Description: The object part of the swap functor. See also swapf1vala . (Contributed by Zhi Wang, 7-Oct-2025)

Ref Expression
Hypotheses swapfval.c 
|- ( ph -> C e. U )
swapfval.d 
|- ( ph -> D e. V )
swapf2fvala.s 
|- S = ( C Xc. D )
swapf2fvala.b 
|- B = ( Base ` S )
swapf1val.o 
|- ( ph -> ( C swapF D ) = <. O , P >. )
Assertion swapf1val 
|- ( ph -> O = ( x e. B |-> U. `' { x } ) )

Proof

Step Hyp Ref Expression
1 swapfval.c 
 |-  ( ph -> C e. U )
2 swapfval.d 
 |-  ( ph -> D e. V )
3 swapf2fvala.s 
 |-  S = ( C Xc.

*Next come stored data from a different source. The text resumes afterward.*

lemma single_mode_linop:
  assumes eq: "equilibrium \<alpha> v" and rot: "real_rotation v w"
    and k: "v k \<noteq> 0" "\<forall>n. n \<noteq> k \<longrightarrow> v n = 0"
  shows "linop \<alpha> w \<theta> n =
    (if n = k then 2 * (of_int k)^2 - 2 * \<alpha> else 2 * (of_int k)^2 - (of_int n)^2 - \<alpha>) * \<theta> n"
proof (cases "n = k")
  case True
  have "{n. v n \<noteq> 0} = {k}" using k by auto
  then have "hinner w \<theta> = w k * \<theta> k"
    using hinner_real_rotation[OF eq rot] by simp
  then have "linop \<alpha> w \<theta> k = - 2 * (w k)^2 * \<theta> k"
    using linop_on_support[OF eq rot k(1), of \<theta>] by (simp add: power2_eq_square algebra_simps)
  moreover have "(w k)^2 = \<alpha> - (of_int k)^2"
    using real_rotation_square[OF rot] equilibrium_mode_square[OF eq k(1)] single_mode_hnorm2[OF eq k]
    by simp
  ultimately show ?thesis
    using True by (simp add: algebra_simps)
next
  case False
  then show ?thesis
    using linop_off_support[OF rot] k(2) single_mode_hnorm2[OF eq k] by simp
qed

D )
4 swapf2fvala.b 
 |-  B = ( Base ` S )
5 swapf1val.o 
 |-  ( ph -> ( C swapF D ) = <. O , P >. )
6 5 fveq2d 
 |-  ( ph -> ( 1st ` ( C swapF D ) ) = ( 1st ` <. O , P >. ) )
7 1 2 3 4 swapf1vala 
 |-  ( ph -> ( 1st ` ( C swapF D ) ) = ( x e. B |-> U. `' { x } ) )
8 1 2 swapfelvv 
 |-  ( ph -> ( C swapF D ) e. ( _V X. _V ) )
9 5 8 eqeltrrd 
 |-  ( ph -> <. O , P >. e. ( _V X. _V ) )
10 opelxp 
 |-  ( <. O , P >. e. ( _V X. _V ) <-> ( O e. _V /\ P e. _V ) )
11 10 biimpi 
 |-  ( <. O , P >. e. ( _V X. _V ) -> ( O e. _V /\ P e. _V ) )
12 op1stg 
 |-  ( ( O e. _V /\ P e. _V ) -> ( 1st ` <. O , P >. ) = O )
13 9 11 12 3syl 
 |-  ( ph -> ( 1st ` <. O , P >. ) = O )
14 6 7 13 3eqtr3rd 
 |-  ( ph -> O = ( x e. B |-> U. `' { x } ) )